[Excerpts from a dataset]

■ ■ ■ ■ ■

text \<open>Given frame homomorphisms f : B \<rightarrow> C and g : B \<rightarrow> D (frames given as subframes
  B, C, D of complete lattices), the frame pushout C \<otimes>_B D is constructed as the frame of
  C\<oplus>D-ideals (down-closed subsets of C \<times> D closed under joins in each coordinate)
  that are saturated for the relations (c \<sqinter> f b) \<otimes> d = c \<otimes> (d \<sqinter> g b).\<close>
definition pushout_ideals ::
  "'b set \<Rightarrow> 'c::complete_lattice set \<Rightarrow> 'd::complete_lattice set \<Rightarrow> ('b \<Rightarrow> 'c) \<Rightarrow> ('b \<Rightarrow> 'd) \<Rightarrow> ('c \<times> 'd) set set" where
  "pushout_ideals B C D f g = {U. U \<subseteq> C \<times> D \<and>
     (\<forall>c d c' d'. (c, d) \<in> U \<longrightarrow> c' \<in> C \<longrightarrow> d' \<in> D \<longrightarrow> c' \<le> c \<longrightarrow> d' \<le> d \<longrightarrow> (c', d') \<in> U) \<and>
     (\<forall>S d. S \<subseteq> C \<longrightarrow> d \<in> D \<longrightarrow> (\<forall>s\<in>S. (s, d) \<in> U) \<longrightarrow> (Sup S, d) \<in> U) \<and>
     (\<forall>c S. c \<in> C \<longrightarrow> S \<subseteq> D \<longrightarrow> (\<forall>s\<in>S. (c, s) \<in> U) \<longrightarrow> (c, Sup S) \<in> U) \<and>
     (\<forall>b c d. b \<in> B \<longrightarrow> c \<in> C \<longrightarrow> d \<in> D \<longrightarrow> ((inf c (f b), d) \<in> U \<longleftrightarrow> (c, inf d (g b)) \<in> U))}"

text \<open>The commutative square (f, g; h, k) with h : C \<rightarrow> E, k : D \<rightarrow> E is a pushout of frames
  iff the canonical comparison map C \<otimes>_B D \<rightarrow> E is an isomorphism (bijective frame map).\<close>
definition is_frame_pushout ::
  "'b set \<Rightarrow> 'c::complete_lattice set \<Rightarrow> 'd::complete_lattice set \<Rightarrow> 'e::complete_lattice set \<Rightarrow>
   ('b \<Rightarrow> 'c) \<Rightarrow> ('b \<Rightarrow> 'd) \<Rightarrow> ('c \<Rightarrow> 'e) \<Rightarrow> ('d \<Rightarrow> 'e) \<Rightarrow> bool" where
  "is_frame_pushout B C D E f g h k \<longleftrightarrow>
     (\<forall>b\<in>B. h (f b) = k (g b)) \<and>
     bij_betw (\<lambda>U. Sup {inf (h c) (k d) | c d. (c, d) \<in> U}) (pushout_ideals B C D f g) E"

definition Rset :: "('q::complete_lattice \<Rightarrow> 'q \<Rightarrow> 'q) \<Rightarrow> 'q set" where
  "Rset mu = {x. mu x top \<le> x}"

definition Lset :: "('q::complete_lattice \<Rightarrow> 'q \<Rightarrow> 'q) \<Rightarrow> ('q \<Rightarrow> 'q) \<Rightarrow> 'q set" where
  "Lset mu iv = iv ` Rset mu"

definition Tset :: "('q::complete_lattice \<Rightarrow> 'q \<Rightarrow> 'q) \<Rightarrow> ('q \<Rightarrow> 'q) \<Rightarrow> 'q set" where
  "Tset mu iv = Rset mu \<inter> Lset mu iv"
subsection \<open>Lifting paths in super-modular games\<close>

lemma supermodular_raise_accepted:
  assumes sm: "supermodular u" and Q: "gain_monotone Q"
    and a: "a \<in> Conf" and c: "c \<in> Conf" and "a \<le> c" and "a i = -1" and "c i = -1"
    and accepted: "Q (u i a) (u i (a(i := 1)))"
  shows "Q (u i c) (u i (c(i := 1)))"
proof -
  have "u i (a(i := 1)) - u i (a(i := -1)) \<le> u i (c(i := 1)) - u i (c(i := -1))"
    using sm a c \<open>a \<le> c\<close> unfolding supermodular_def le_fun_def by blast
  moreover have "a(i := -1) = a" "c(i := -1) = c"
    using \<open>a i = -1\<close> \<open>c i = -1\<close> by auto
  ultimately have "u i (a(i := 1)) - u i a \<le> u i (c(i := 1)) - u i c"
    by simp
  with Q accepted show ?thesis
    unfolding gain_monotone_def by blast
qed

lemma supermodular_lower_accepted:
  assumes sm: "supermodular u" and Q: "gain_monotone Q"
    and a: "a \<in> Conf" and c: "c \<in> Conf" and "c \<le> a" and "a i = 1" and "c i = 1"
    and accepted: "Q (u i a) (u i (a(i := -1)))"
  shows "Q (u i c) (u i (c(i := -1)))"
proof -
  have "u i (c(i := 1)) - u i (c(i := -1)) \<le> u i (a(i := 1)) - u i (a(i := -1))"
    using sm a c \<open>c \<le> a\<close> unfolding supermodular_def le_fun_def by blast
  moreover have "a(i := 1) = a" "c(i := 1) = c"
    using \<open>a i = 1\<close> \<open>c i = 1\<close> by auto
  ultimately have "u i (a(i := -1)) - u i a \<le> u i (c(i := -1)) - u i c"
    by simp
  with Q accepted show ?thesis
    unfolding gain_monotone_def by blast
qed

lemma up_reach_sup:
  assumes sm: "supermodular u" and Q: "gain_monotone Q"
    and x: "x \<in> Conf" and y: "y \<in> Conf" and "x \<le> y" and "up_reach Q u x z"
  shows "up_reach Q u y (sup z y)"
  using \<open>up_reach Q u x z\<close> unfolding up_reach_def
proof (induction rule: rtranclp_induct)
  case base
  then show ?case
    using \<open>x \<le> y\<close> by (simp add: sup_absorb2)
next
  case (step a b)
  have a: "a \<in> Conf"
    using up_reach_Conf[OF _ x] step(1) by (simp add: up_reach_def)
  obtain i where "a i = -1" and b: "b = a(i := 1)" and accepted: "Q (u i a) (u i (a(i := 1)))"
    using deviation_up step(2) by blast
  show ?case
  proof (cases "y i = 1")
    case True
    then have "sup b y = sup a y"
      using \<open>a i = -1\<close> b by (auto simp: fun_eq_iff sup_max)
    with step(3) show ?thesis
      by simp
  next
    case False
    then have "y i = -1"
      using Conf_cases[OF y] by auto
    define c where "c = sup a y"
    have c: "c \<in> Conf" and "c i = -1" and "a \<le> c"
      using sup_Conf[OF a y] \<open>a i = -1\<close> \<open>y i = -1\<close> by (simp_all add: c_def)
    have "Q (u i c) (u i (c(i := 1)))"
      by (rule supermodular_raise_accepted[OF sm Q a c])
        (use \<open>a \<le> c\<close> \<open>a i = -1\<close> \<open>c i = -1\<close> accepted in auto)
    then have "deviation Q u c (c(i := 1))"
      unfolding deviation_iff_flip[OF c] using \<open>c i = -1\<close> by (intro exI[of _ i]) simp
    moreover have "c < c(i := 1)"
      using \<open>c i = -1\<close> by (auto simp: less_fun_def le_fun_def)
    moreover have "sup b y = c(i := 1)"
      using b \<open>y i = -1\<close> by (auto simp: fun_eq_iff c_def sup_max)
    ultimately show ?thesis
      using step(3) c_def by (metis (no_types, lifting) rtranclp.rtrancl_into_rtrancl)
  qed
qed

lemma down_reach_inf:
  assumes sm: "supermodular u" and Q: "gain_monotone Q"
    and x: "x \<in> Conf" and y: "y \<in> Conf" and "x \<le> y" and "down_reach Q u y z"
  shows "down_reach Q u x (inf z x)"
  using \<open>down_reach Q u y z\<close> unfolding down_reach_def
proof (induction rule: rtranclp_induct)
  case base
  then show ?case
    using \<open>x \<le> y\<close> by (simp add: inf_absorb2)
next
  case (step a b)
  have a: "a \<in> Conf"
    using down_reach_Conf[OF _ y] step(1) by (simp add: down_reach_def)
  obtain i where "a i = 1" and b: "b = a(i := -1)" and accepted: "Q (u i a) (u i (a(i := -1)))"
    using deviation_down step(2) by blast
  show ?case
  proof (cases "x i = -1")
    case True
    then have "inf b x = inf a x"
      using \<open>a i = 1\<close> b by (auto simp: fun_eq_iff inf_min)
    with step(3) show ?thesis
      by simp
  next
    case False
    then have "x i = 1"
      using Conf_cases[OF x] by auto
    define c where "c = inf a x"
    have c: "c \<in> Conf" and "c i = 1" and "c \<le> a"
      using inf_Conf[OF a x] \<open>a i = 1\<close> \<open>x i = 1\<close> by (simp_all add: c_def)
    have "Q (u i c) (u i (c(i := -1)))"
      by (rule supermodular_lower_accepted[OF sm Q a c])
        (use \<open>c \<le> a\<close> \<open>a i = 1\<close> \<open>c i = 1\<close> accepted in auto)
    then have "deviation Q u c (c(i := -1))"
      unfolding deviation_iff_flip[OF c] using \<open>c i = 1\<close> by (intro exI[of _ i]) simp
    moreover have "c(i := -1) < c"
      using \<open>c i = 1\<close> by (auto simp: less_fun_def le_fun_def)
    moreover have "inf b x = c(i := -1)"
      using b \<open>x i = 1\<close> by (auto simp: fun_eq_iff c_def inf_min)
    ultimately show ?thesis
      using step(3) c_def by (metis (no_types, lifting) rtranclp.rtrancl_into_rtrancl)
  qed
qed
lemma graph_points_in_frontier:
  fixes \<gamma>1 \<gamma>2 :: "real \<Rightarrow> real"
  assumes "tbar > 0"
    and sign: "\<forall>s\<in>{0<..<tbar}. \<gamma>1 s < 0 \<and> 0 < \<gamma>2 s"
    and ends: "\<gamma>1 0 = 0" "\<gamma>1 tbar = 0" "\<gamma>2 0 = 0" "\<gamma>2 tbar = 0"
    and D: "D = {(y, t). t \<in> {0<..<tbar} \<and> \<gamma>1 t < y \<and> y < \<gamma>2 t}"
    and s: "s \<in> {0..tbar}"
  shows "(\<gamma>1 s, s) \<in> frontier D" "(\<gamma>2 s, s) \<in> frontier D"
proof -
  obtain p q where "p \<noteq> q" "open_segment p q \<subseteq> D" "{(\<gamma>1 s, s), (\<gamma>2 s, s)} \<subseteq> {p, q}"
  proof (cases "s \<in> {0<..<tbar}")
    case True
    with sign have "\<gamma>1 s < \<gamma>2 s" by force
    have "open_segment (\<gamma>1 s, s) (\<gamma>2 s, s) \<subseteq> D"
    proof
      fix p assume p: "p \<in> open_segment (\<gamma>1 s, s) (\<gamma>2 s, s)"
      obtain y t where "p = (y, t)"
        by fastforce
      with p \<open>\<gamma>1 s < \<gamma>2 s\<close> have "y \<in> {\<gamma>1 s<..<\<gamma>2 s}" "t = s"
        using open_segment_PairD closed_segment_PairD[OF open_closed_segment]
        by (fastforce simp: open_segment_eq_real_ivl)+
      with \<open>p = (y, t)\<close> True show "p \<in> D"
        unfolding D by auto
    qed
    with \<open>\<gamma>1 s < \<gamma>2 s\<close> show ?thesis
      by (intro that[of "(\<gamma>1 s, s)" "(\<gamma>2 s, s)"]) auto
  next
    case False
    then have "\<gamma>1 s = 0" "\<gamma>2 s = 0"
      using s ends by auto
    have "open_segment (0, 0) (0 :: real, tbar) \<subseteq> D"
    proof
      fix p assume p: "p \<in> open_segment (0, 0) (0 :: real, tbar)"
      obtain y t where "p = (y, t)"
        by fastforce
      with p \<open>tbar > 0\<close> have "y = 0" "t \<in> {0<..<tbar}"
        using open_segment_PairD closed_segment_PairD[OF open_closed_segment]
        by (fastforce simp: open_segment_eq_real_ivl)+
      with \<open>p = (y, t)\<close> sign show "p \<in> D"
        unfolding D by auto
    qed
    with \<open>\<gamma>1 s = 0\<close> \<open>\<gamma>2 s = 0\<close> show ?thesis
      using False s \<open>tbar > 0\<close> by (intro that[of "(0, 0)" "(0, tbar)"]) auto
  qed
  then have "{p, q} \<subseteq> closure D"
    using closure_mono[of "open_segment p q" D] ends_in_segment(1,2)[of p q] by auto
  with \<open>{(\<gamma>1 s, s), (\<gamma>2 s, s)} \<subseteq> {p, q}\<close>
  have "(\<gamma>1 s, s) \<in> closure D" "(\<gamma>2 s, s) \<in> closure D"
    by auto
  moreover have "(\<gamma>1 s, s) \<notin> interior D" "(\<gamma>2 s, s) \<notin> interior D"
    using interior_subset[of D] unfolding D by auto
  ultimately show "(\<gamma>1 s, s) \<in> frontier D" "(\<gamma>2 s, s) \<in> frontier D"
    unfolding frontier_def by auto
qed
section \<open>Averages and mean payoffs\<close>

lemma bounded_over_n_tendsto_0:
  fixes f :: "nat \<Rightarrow> real"
  assumes "eventually (\<lambda>N. \<bar>f N\<bar> \<le> K) sequentially"
  shows "(\<lambda>N. f N / real N) \<longlonglongrightarrow> 0"
proof (rule Lim_null_comparison)
  show "eventually (\<lambda>N. norm (f N / real N) \<le> K / real N) sequentially"
    using assms by eventually_elim (simp add: abs_divide divide_right_mono)
qed (rule lim_const_over_n)

lemma liminf_ereal_LIMSEQ:
  fixes f :: "nat \<Rightarrow> real"
  shows "f \<longlonglongrightarrow> L \<Longrightarrow> liminf (\<lambda>n. ereal (f n)) = ereal L"
  by (rule lim_imp_Liminf) (auto intro: tendsto_ereal)

lemma liminf_ereal_asymp_eq:
  fixes f g :: "nat \<Rightarrow> real"
  assumes "(\<lambda>n. f n - g n) \<longlonglongrightarrow> 0"
  shows "liminf (\<lambda>n. ereal (f n)) = liminf (\<lambda>n. ereal (g n))"
proof -
  have "(\<lambda>n. ereal (f n - g n)) \<longlonglongrightarrow> ereal 0"
    using assms by (rule tendsto_ereal)
  then have "liminf (\<lambda>n. ereal (f n - g n) + ereal (g n)) = ereal 0 + liminf (\<lambda>n. ereal (g n))"
    by (intro ereal_liminf_lim_add) auto
  then show ?thesis
    by (simp add: zero_ereal_def[symmetric])
qed

lemma average_drop_prefix:
  fixes x :: "nat \<Rightarrow> real"
  assumes bound: "\<And>i. \<bar>x i\<bar> \<le> B"
  shows "(\<lambda>N. (\<Sum>i<N + n. x i) / real (N + n) - (\<Sum>i<N. x (n + i)) / real N) \<longlonglongrightarrow> 0"
proof -
  define C where "C = (\<Sum>i<n. x i)"
  define b where "b N = (\<Sum>i<N. x (n + i)) / real N" for N
  have split: "(\<Sum>i<N + n. x i) = C + (\<Sum>i<N. x (n + i))" for N
    unfolding C_def by (induction N) (simp_all add: add_ac)
  have b_bound: "\<bar>b N\<bar> \<le> B" for N
  proof (cases "N = 0")
    case False
    have "\<bar>\<Sum>i<N. x (n + i)\<bar> \<le> (\<Sum>i<N. \<bar>x (n + i)\<bar>)"
      by (rule sum_abs)
    also have "\<dots> \<le> real N * B"
      using sum_mono[of "{..<N}" "\<lambda>i. \<bar>x (n + i)\<bar>" "\<lambda>_. B"] bound by simp
    finally have "\<bar>\<Sum>i<N. x (n + i)\<bar> \<le> real N * B" .
    with False show ?thesis
      by (simp add: b_def abs_divide field_simps)
  qed (use bound[of 0] in \<open>simp add: b_def\<close>)
  have diff: "(\<Sum>i<N + n. x i) / real (N + n) - b N = (C - real n * b N) / real (N + n)" for N
    by (cases "N = 0") (auto simp: split b_def C_def field_simps)
  have "(\<lambda>M. (C - real n * b (M - n)) / real M) \<longlonglongrightarrow> 0"
  proof (rule bounded_over_n_tendsto_0[of _ "\<bar>C\<bar> + real n * B"], rule always_eventually, rule allI)
    fix M
    have "\<bar>real n * b (M - n)\<bar> \<le> real n * B"
      using b_bound by (simp add: abs_mult mult_left_mono)
    then show "\<bar>C - real n * b (M - n)\<bar> \<le> \<bar>C\<bar> + real n * B"
      by linarith
  qed
  from LIMSEQ_ignore_initial_segment[OF this, of n]
  have "(\<lambda>N. (C - real n * b N) / real (N + n)) \<longlonglongrightarrow> 0"
    by simp
  then have "(\<lambda>N. (\<Sum>i<N + n. x i) / real (N + n) - b N) \<longlonglongrightarrow> 0"
    by (simp only: diff)
  then show ?thesis
    by (simp only: b_def)
qed

lemma mean_payoff_suffix:
  fixes w :: "'v \<times> 'v \<Rightarrow> real"
  assumes "\<And>i. \<bar>w (\<pi> i, \<pi> (Suc i))\<bar> \<le> B"
  shows "mean_payoff w (\<lambda>i. \<pi> (n + i)) = mean_payoff w \<pi>"
proof -
  let ?avg = "\<lambda>N. (\<Sum>i<N. w (\<pi> i, \<pi> (Suc i))) / real N"
  have "mean_payoff w \<pi> = liminf (\<lambda>N. ereal (?avg (N + n)))"
    unfolding mean_payoff_def by (rule liminf_shift_k[of "\<lambda>N. ereal (?avg N)", symmetric])
  also have "\<dots> = mean_payoff w (\<lambda>i. \<pi> (n + i))"
    unfolding mean_payoff_def
    using average_drop_prefix[of "\<lambda>i. w (\<pi> i, \<pi> (Suc i))" B n] assms
    by (intro liminf_ereal_asymp_eq) simp
  finally show ?thesis ..
qed

lemma sum_along_eq_sum_counts:
  fixes f :: "'v \<times> 'v \<Rightarrow> real"
  assumes "finite E" and "\<And>i. (\<pi> i, \<pi> (Suc i)) \<in> E"
  shows "(\<Sum>i<N. f (\<pi> i, \<pi> (Suc i)))
           = (\<Sum>e\<in>E. real (card {i. i < N \<and> (\<pi> i, \<pi> (Suc i)) = e}) * f e)"
proof -
  have "(\<Sum>i<N. f (\<pi> i, \<pi> (Suc i)))
          = (\<Sum>e\<in>E. \<Sum>i\<in>{i. i \<in> {..<N} \<and> (\<pi> i, \<pi> (Suc i)) = e}. f (\<pi> i, \<pi> (Suc i)))"
    using assms by (intro sum.group[symmetric]) auto
  also have "\<dots> = (\<Sum>e\<in>E. \<Sum>i\<in>{i. i < N \<and> (\<pi> i, \<pi> (Suc i)) = e}. f e)"
    by (intro sum.cong) auto
  finally show ?thesis
    by simp
qed

context
  fixes \<pi> :: "nat \<Rightarrow> 'v" and E :: "('v \<times> 'v) set"
  assumes finite_E: "finite E"
    and step_in_E: "\<And>i. (\<pi> i, \<pi> (Suc i)) \<in> E"
    and convergent_freq: "\<And>e. e \<in> E \<Longrightarrow> convergent (freq_seq \<pi> e)"
begin

lemma freq_LIMSEQ: "e \<in> E \<Longrightarrow> freq_seq \<pi> e \<longlonglongrightarrow> freq \<pi> e"
  using convergent_freq by (simp add: freq_def convergent_LIMSEQ_iff)

lemma average_LIMSEQ_sum_freq:
  fixes f :: "'v \<times> 'v \<Rightarrow> real"
  shows "(\<lambda>N. (\<Sum>i<N. f (\<pi> i, \<pi> (Suc i))) / real N) \<longlonglongrightarrow> (\<Sum>e\<in>E. freq \<pi> e * f e)"
proof -
  have "(\<Sum>i<N. f (\<pi> i, \<pi> (Suc i))) / real N = (\<Sum>e\<in>E. freq_seq \<pi> e N * f e)" for N
    unfolding sum_along_eq_sum_counts[of E \<pi>, OF finite_E step_in_E] freq_seq_def sum_divide_distrib
    by simp
  then show ?thesis
    using freq_LIMSEQ by (simp add: tendsto_sum tendsto_mult_right)
qed

lemma mean_payoff_eq_sum_freq: "mean_payoff w \<pi> = ereal (\<Sum>e\<in>E. freq \<pi> e * w e)"
  unfolding mean_payoff_def by (rule liminf_ereal_LIMSEQ[OF average_LIMSEQ_sum_freq])

lemma freq_nonneg: "e \<in> E \<Longrightarrow> freq \<pi> e \<ge> 0"
  by (rule LIMSEQ_le_const[OF freq_LIMSEQ]) (auto simp: freq_seq_def)

lemma freq_eq_0:
  assumes "e \<in> E" and "e \<notin> inf_visited \<pi> \<times> inf_visited \<pi>"
  shows "freq \<pi> e = 0"
proof -
  obtain a b where e: "e = (a, b)"
    by (cases e)
  have "eventually (\<lambda>i. \<pi> i \<noteq> a) sequentially \<or> eventually (\<lambda>i. \<pi> i \<noteq> b) sequentially"
    using assms(2) unfolding e inf_visited_def by (auto simp: not_frequently)
  then have "eventually (\<lambda>i. (\<pi> i, \<pi> (Suc i)) \<noteq> e) sequentially"
  proof
    assume "eventually (\<lambda>i. \<pi> i \<noteq> a) sequentially"
    then show ?thesis
      unfolding e by (rule eventually_mono) simp
  next
    assume "eventually (\<lambda>i. \<pi> i \<noteq> b) sequentially"
    then have "eventually (\<lambda>i. \<pi> (Suc i) \<noteq> b) sequentially"
      by (rule eventually_sequentially_Suc[THEN iffD2])
    then show ?thesis
      unfolding e by (rule eventually_mono) simp
  qed
  then obtain N0 where N0: "\<And>i. i \<ge> N0 \<Longrightarrow> (\<pi> i, \<pi> (Suc i)) \<noteq> e"
    by (auto simp: eventually_sequentially)
  have "card {i. i < N \<and> (\<pi> i, \<pi> (Suc i)) = e} \<le> N0" for N
  proof -
    have "{i. i < N \<and> (\<pi> i, \<pi> (Suc i)) = e} \<subseteq> {..<N0}"
      using N0 not_le by auto
    then show ?thesis
      using card_mono[OF finite_lessThan] by fastforce
  qed
  then have "freq_seq \<pi> e \<longlonglongrightarrow> 0"
    unfolding freq_seq_def by (intro bounded_over_n_tendsto_0[of _ "real N0"]) auto
  with freq_LIMSEQ[OF assms(1)] show ?thesis
    by (rule LIMSEQ_unique)
qed

lemma sum_freq_eq_1: "(\<Sum>e\<in>E. freq \<pi> e) = 1"
proof -
  have "eventually (\<lambda>N. (\<Sum>i<N. 1) / real N = (1::real)) sequentially"
    by (rule eventually_sequentiallyI[of 1]) simp
  then have "(\<lambda>N. (\<Sum>i<N. 1) / real N) \<longlonglongrightarrow> (1::real)"
    by (rule tendsto_eventually)
  with average_LIMSEQ_sum_freq[of "\<lambda>_. 1"] show ?thesis
    using LIMSEQ_unique by fastforce
qed

lemma freq_out_eq_in:
  "(\<Sum>e\<in>{e\<in>E. fst e = t}. freq \<pi> e) = (\<Sum>e\<in>{e\<in>E. snd e = t}. freq \<pi> e)"
proof -
  define out where "out e = (if fst e = t then 1 else 0 :: real)" for e :: "'v \<times> 'v"
  define inc where "inc e = (if snd e = t then 1 else 0 :: real)" for e :: "'v \<times> 'v"
  define x where "x i = (if \<pi> i = t then 1 else 0 :: real)" for i
  \<comment> \<open>Entries into and exits from t along a prefix differ by at most one.\<close>
  have "(\<Sum>i<N. inc (\<pi> i, \<pi> (Suc i))) - (\<Sum>i<N. out (\<pi> i, \<pi> (Suc i))) = x N - x 0" for N
  proof -
    have "(\<Sum>i<N. inc (\<pi> i, \<pi> (Suc i))) - (\<Sum>i<N. out (\<pi> i, \<pi> (Suc i)))
            = (\<Sum>i<N. x (Suc i) - x i)"
      by (simp add: inc_def out_def x_def sum_subtractf)
    then show ?thesis
      by (simp add: sum_lessThan_telescope)
  qed
  then have "(\<lambda>N. (\<Sum>i<N. inc (\<pi> i, \<pi> (Suc i))) / real N - (\<Sum>i<N. out (\<pi> i, \<pi> (Suc i))) / real N)
               \<longlonglongrightarrow> 0"
    by (simp add: diff_divide_distrib[symmetric] bounded_over_n_tendsto_0[of _ 1] x_def)
  moreover have "(\<lambda>N. (\<Sum>i<N. inc (\<pi> i, \<pi> (Suc i))) / real N - (\<Sum>i<N. out (\<pi> i, \<pi> (Suc i))) / real N)
               \<longlonglongrightarrow> (\<Sum>e\<in>E. freq \<pi> e * inc e) - (\<Sum>e\<in>E. freq \<pi> e * out e)"
    by (intro tendsto_diff average_LIMSEQ_sum_freq)
  ultimately have "(\<Sum>e\<in>E. freq \<pi> e * inc e) = (\<Sum>e\<in>E. freq \<pi> e * out e)"
    using LIMSEQ_unique by fastforce
  then show ?thesis
    using finite_E by (simp add: sum.inter_filter inc_def out_def if_distrib cong: if_cong)
qed

end

lemma valid_profile_valid_for: "valid_profile G s \<Longrightarrow> valid_for G Ps s"
  by (simp add: valid_profile_def valid_for_def)

lemma valid_profile_combine:
  "valid_for G {p} s1 \<Longrightarrow> valid_for G (- {p}) s2 \<Longrightarrow> valid_profile G (combine G p s1 s2)"
  by (auto simp: valid_profile_def valid_for_def combine_def)

lemma valid_for_prefix: "valid_for G Ps s \<Longrightarrow> valid_for G Ps (\<lambda>h. s (P @ h))"
  unfolding valid_for_def by (metis Nil_is_append_conv last_appendR)

lemma finite_edges: "mmpg_arena G \<Longrightarrow> finite (edges G)"
  unfolding mmpg_arena_def by (meson finite_SigmaI finite_subset)

lemma play_in_verts_and_edges:
  assumes arena: "mmpg_arena G" and valid: "valid_profile G s" and v: "v \<in> verts G"
  shows "play s v i \<in> verts G \<and> (play s v i, play s v (Suc i)) \<in> edges G"
proof (induction i)
  case 0
  have "(v, s [v]) \<in> edges G"
    using valid v unfolding valid_profile_def valid_for_def by (metis last.simps list.distinct(1) UNIV_I)
  then show ?case
    using v by (simp add: play_Suc)
next
  case (Suc i)
  then have "play s v (Suc i) \<in> verts G"
    using arena unfolding mmpg_arena_def by auto
  moreover have "(play s v (Suc i), s (hist s v (Suc i))) \<in> edges G"
    using valid calculation unfolding valid_profile_def valid_for_def by (metis hist_not_Nil play_def UNIV_I)
  ultimately show ?case
    by (simp add: play_Suc)
qed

■ ■ ■ ■ ■

# [WHAT YOU WILL DO]
Above are the records. Copy the lines beginning at the one that has "that are saturated" and ending with the one that has "(\<forall>b c d.", unchanged.

# [RESPONSE TO THE TASK]
  that are saturated for the relations (c \<sqinter> f b) \<otimes> d = c \<otimes> (d \<sqinter> g b).\<close>
definition pushout_ideals ::
  "'b set \<Rightarrow> 'c::complete_lattice set \<Rightarrow> 'd::complete_lattice set \<Rightarrow> ('b \<Rightarrow> 'c) \<Rightarrow> ('b \<Rightarrow> 'd) \<Rightarrow> ('c \<times> 'd) set set" where
  "pushout_ideals B C D f g = {U. U \<subseteq> C \<times> D \<and>
     (\<forall>c d c' d'. (c, d) \<in> U \<longrightarrow> c' \<in> C \<longrightarrow> d' \<in> D \<longrightarrow> c' \<le> c \<longrightarrow> d' \<le> d \<longrightarrow> (c', d') \<in> U) \<and>
     (\<forall>S d. S \<subseteq> C \<longrightarrow> d \<in> D \<longrightarrow> (\<forall>s\<in>S. (s, d) \<in> U) \<longrightarrow> (Sup S, d) \<in> U) \<and>
     (\<forall>c S. c \<in> C \<longrightarrow> S \<subseteq> D \<longrightarrow> (\<forall>s\<in>S. (c, s) \<in> U) \<longrightarrow> (c, Sup S) \<in> U) \<and>
     (\<forall>b c d. b \<in> B \<longrightarrow> c \<in> C \<longrightarrow> d \<in> D \<longrightarrow> ((inf c (f b), d) \<in> U \<longleftrightarrow> (c, inf d (g b)) \<in> U))}"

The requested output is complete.